Work task:
Every line below that carries the word "dots" needs to be copied.

Material supplied:
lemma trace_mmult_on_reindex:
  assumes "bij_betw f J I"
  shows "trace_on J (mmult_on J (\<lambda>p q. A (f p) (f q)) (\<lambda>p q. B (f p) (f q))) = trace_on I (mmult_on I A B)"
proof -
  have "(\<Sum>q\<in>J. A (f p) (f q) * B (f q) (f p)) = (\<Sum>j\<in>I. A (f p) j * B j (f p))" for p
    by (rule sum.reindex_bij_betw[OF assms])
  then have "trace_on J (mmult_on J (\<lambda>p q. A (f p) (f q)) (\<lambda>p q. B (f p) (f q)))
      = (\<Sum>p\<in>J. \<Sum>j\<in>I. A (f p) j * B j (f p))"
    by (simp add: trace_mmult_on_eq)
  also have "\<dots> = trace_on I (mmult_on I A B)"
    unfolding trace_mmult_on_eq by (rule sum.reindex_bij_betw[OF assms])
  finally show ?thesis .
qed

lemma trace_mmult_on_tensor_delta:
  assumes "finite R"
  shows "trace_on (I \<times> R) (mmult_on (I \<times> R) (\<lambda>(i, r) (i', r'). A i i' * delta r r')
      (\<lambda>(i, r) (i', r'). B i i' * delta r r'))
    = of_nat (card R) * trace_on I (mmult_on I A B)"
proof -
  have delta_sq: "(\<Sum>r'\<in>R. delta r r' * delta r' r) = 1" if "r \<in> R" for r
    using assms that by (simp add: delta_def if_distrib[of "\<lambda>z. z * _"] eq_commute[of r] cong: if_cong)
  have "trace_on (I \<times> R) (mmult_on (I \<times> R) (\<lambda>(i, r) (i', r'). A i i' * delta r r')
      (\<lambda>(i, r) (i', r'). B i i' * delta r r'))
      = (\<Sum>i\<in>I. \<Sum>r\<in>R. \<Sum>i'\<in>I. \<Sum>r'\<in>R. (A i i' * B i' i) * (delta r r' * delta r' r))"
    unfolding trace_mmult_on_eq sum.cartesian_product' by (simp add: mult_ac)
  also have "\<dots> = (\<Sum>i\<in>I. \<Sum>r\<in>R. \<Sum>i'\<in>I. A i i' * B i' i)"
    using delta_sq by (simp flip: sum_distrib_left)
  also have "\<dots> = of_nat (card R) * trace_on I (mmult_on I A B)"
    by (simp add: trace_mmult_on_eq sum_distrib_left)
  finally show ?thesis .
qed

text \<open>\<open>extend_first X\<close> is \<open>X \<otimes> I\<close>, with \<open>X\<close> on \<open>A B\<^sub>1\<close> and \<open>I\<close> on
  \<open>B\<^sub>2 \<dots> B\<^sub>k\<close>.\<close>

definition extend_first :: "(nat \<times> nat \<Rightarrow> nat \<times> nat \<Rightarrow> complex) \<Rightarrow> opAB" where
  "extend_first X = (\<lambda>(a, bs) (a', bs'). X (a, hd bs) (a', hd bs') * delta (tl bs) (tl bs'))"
* * *
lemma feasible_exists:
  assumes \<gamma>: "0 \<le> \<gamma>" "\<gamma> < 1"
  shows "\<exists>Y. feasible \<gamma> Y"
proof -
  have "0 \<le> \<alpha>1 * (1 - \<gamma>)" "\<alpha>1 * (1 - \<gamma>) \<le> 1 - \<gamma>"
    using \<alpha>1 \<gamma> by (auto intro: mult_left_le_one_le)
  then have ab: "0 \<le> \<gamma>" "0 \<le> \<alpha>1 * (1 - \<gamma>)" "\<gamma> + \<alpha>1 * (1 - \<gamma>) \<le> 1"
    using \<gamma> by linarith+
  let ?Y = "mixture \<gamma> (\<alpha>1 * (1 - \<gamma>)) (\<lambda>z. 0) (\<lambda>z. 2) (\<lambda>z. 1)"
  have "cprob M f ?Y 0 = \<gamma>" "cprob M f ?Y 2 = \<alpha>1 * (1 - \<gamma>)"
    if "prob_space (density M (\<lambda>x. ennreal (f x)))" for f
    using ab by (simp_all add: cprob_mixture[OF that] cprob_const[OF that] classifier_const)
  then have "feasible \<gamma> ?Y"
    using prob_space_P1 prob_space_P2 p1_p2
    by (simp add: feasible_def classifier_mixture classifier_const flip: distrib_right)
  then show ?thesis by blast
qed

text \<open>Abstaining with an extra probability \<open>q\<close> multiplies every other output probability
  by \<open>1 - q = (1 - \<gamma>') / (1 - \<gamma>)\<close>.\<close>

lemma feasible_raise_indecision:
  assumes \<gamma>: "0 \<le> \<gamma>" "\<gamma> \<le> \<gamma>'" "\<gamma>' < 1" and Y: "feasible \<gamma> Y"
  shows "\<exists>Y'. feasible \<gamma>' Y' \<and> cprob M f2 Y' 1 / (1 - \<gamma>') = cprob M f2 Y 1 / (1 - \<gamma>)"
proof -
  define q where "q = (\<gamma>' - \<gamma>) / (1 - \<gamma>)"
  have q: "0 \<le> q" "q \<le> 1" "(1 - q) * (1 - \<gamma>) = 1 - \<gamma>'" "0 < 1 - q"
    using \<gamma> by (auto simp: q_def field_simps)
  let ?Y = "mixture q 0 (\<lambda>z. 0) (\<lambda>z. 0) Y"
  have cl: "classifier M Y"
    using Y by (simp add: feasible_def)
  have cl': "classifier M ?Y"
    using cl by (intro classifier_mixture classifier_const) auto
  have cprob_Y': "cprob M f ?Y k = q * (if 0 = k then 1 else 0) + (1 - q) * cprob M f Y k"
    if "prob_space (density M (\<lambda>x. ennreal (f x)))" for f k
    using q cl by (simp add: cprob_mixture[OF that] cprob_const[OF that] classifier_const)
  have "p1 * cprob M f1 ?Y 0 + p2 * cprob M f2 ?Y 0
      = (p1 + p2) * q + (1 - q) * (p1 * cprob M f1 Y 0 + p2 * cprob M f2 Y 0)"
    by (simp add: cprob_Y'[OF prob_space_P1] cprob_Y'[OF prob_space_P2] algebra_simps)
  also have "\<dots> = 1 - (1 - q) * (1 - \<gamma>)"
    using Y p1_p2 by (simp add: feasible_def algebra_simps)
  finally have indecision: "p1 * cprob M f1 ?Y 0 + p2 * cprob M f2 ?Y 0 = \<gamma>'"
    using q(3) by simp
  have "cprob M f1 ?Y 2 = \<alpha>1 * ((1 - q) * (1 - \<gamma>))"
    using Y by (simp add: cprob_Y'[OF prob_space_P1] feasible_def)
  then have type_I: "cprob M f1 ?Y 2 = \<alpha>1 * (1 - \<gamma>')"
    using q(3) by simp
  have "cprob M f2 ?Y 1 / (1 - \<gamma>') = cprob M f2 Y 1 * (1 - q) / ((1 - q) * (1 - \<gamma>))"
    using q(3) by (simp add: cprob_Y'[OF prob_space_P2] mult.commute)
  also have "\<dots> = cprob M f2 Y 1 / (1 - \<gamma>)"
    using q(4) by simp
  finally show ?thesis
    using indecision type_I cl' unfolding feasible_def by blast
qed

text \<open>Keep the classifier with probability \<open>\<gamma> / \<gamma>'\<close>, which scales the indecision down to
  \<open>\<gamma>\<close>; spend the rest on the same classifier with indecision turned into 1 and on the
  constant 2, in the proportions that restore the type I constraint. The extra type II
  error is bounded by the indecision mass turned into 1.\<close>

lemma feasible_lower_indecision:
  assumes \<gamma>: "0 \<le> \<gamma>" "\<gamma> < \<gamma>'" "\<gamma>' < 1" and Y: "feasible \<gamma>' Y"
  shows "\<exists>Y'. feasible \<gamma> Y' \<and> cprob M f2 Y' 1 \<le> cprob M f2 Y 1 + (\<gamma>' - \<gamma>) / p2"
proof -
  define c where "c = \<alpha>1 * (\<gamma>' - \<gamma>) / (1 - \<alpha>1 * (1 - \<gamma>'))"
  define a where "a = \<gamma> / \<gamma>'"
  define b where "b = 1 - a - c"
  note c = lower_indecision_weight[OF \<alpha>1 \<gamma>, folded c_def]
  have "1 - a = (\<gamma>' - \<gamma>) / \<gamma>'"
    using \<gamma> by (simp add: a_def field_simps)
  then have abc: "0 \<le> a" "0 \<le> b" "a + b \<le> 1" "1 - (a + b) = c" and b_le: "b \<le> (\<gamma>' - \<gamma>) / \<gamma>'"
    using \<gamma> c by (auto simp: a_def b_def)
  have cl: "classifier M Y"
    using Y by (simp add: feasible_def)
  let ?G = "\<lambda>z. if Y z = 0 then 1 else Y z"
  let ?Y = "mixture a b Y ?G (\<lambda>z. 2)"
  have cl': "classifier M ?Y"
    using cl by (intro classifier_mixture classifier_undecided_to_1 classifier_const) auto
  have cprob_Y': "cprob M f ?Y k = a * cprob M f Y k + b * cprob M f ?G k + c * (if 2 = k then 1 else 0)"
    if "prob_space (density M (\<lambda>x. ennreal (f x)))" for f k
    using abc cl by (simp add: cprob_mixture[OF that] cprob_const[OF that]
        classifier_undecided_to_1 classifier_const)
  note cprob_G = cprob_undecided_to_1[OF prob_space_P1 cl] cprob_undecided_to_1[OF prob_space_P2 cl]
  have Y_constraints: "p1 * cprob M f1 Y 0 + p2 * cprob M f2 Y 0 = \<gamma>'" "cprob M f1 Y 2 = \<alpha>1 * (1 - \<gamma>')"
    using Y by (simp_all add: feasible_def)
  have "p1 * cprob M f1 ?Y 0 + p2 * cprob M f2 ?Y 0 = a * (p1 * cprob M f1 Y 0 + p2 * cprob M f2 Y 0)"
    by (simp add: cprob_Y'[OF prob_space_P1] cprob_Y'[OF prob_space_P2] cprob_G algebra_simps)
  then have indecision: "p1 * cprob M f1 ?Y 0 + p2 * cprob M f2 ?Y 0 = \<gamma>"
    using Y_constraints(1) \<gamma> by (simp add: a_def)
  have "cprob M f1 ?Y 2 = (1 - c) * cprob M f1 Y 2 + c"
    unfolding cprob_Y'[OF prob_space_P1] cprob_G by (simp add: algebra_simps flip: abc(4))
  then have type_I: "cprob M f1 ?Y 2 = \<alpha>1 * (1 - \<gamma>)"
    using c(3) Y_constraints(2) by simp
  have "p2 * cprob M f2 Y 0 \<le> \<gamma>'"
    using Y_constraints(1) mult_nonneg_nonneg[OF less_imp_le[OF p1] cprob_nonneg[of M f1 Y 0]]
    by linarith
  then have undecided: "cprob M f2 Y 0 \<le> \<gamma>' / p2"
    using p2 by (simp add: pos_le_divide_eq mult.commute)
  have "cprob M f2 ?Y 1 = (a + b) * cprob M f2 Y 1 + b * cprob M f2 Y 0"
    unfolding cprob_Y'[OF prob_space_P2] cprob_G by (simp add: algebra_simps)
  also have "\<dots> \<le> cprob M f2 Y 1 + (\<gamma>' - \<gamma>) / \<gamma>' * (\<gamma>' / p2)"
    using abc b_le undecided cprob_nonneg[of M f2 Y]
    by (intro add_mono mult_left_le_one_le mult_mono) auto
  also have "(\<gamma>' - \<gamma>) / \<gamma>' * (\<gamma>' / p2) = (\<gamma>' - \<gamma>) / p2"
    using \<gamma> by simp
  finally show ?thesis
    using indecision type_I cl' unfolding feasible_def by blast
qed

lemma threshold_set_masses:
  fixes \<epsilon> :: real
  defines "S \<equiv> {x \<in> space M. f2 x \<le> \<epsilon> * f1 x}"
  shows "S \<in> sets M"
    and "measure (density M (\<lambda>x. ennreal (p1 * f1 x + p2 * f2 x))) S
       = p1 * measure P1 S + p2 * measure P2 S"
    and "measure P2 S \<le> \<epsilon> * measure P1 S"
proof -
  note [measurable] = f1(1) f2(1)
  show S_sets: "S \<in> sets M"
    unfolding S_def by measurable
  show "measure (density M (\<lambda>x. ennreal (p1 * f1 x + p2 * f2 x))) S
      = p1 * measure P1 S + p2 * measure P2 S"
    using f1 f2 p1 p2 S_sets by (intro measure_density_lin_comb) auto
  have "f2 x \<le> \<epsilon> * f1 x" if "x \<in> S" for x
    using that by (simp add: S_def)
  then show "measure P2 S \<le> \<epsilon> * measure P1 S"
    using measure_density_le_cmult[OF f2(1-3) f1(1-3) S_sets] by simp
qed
* * *
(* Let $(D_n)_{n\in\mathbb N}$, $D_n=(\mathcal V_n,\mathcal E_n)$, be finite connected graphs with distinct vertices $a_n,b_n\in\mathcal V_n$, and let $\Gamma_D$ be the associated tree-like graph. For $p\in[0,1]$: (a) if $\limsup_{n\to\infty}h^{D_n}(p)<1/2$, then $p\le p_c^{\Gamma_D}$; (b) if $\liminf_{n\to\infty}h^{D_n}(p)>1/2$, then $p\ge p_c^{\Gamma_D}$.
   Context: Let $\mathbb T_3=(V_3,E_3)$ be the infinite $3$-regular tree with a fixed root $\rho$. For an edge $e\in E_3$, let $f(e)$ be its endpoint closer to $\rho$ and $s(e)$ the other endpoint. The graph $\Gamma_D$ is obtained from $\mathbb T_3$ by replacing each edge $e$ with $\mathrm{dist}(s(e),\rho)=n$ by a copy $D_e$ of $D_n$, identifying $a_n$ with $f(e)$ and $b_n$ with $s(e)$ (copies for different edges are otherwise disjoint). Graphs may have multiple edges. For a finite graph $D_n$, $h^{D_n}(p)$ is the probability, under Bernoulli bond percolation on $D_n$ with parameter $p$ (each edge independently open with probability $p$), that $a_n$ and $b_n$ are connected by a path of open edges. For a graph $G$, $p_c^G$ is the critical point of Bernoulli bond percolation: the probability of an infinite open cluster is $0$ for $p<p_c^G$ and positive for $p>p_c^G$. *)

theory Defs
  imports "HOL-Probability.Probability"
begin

Task answer:
  also have "\<dots> = trace_on I (mmult_on I A B)"
  also have "\<dots> = (\<Sum>i\<in>I. \<Sum>r\<in>R. \<Sum>i'\<in>I. A i i' * B i' i)"
  also have "\<dots> = of_nat (card R) * trace_on I (mmult_on I A B)"
  \<open>B\<^sub>2 \<dots> B\<^sub>k\<close>.\<close>
  also have "\<dots> = 1 - (1 - q) * (1 - \<gamma>)"
  also have "\<dots> = cprob M f2 Y 1 / (1 - \<gamma>)"
  also have "\<dots> \<le> cprob M f2 Y 1 + (\<gamma>' - \<gamma>) / \<gamma>' * (\<gamma>' / p2)"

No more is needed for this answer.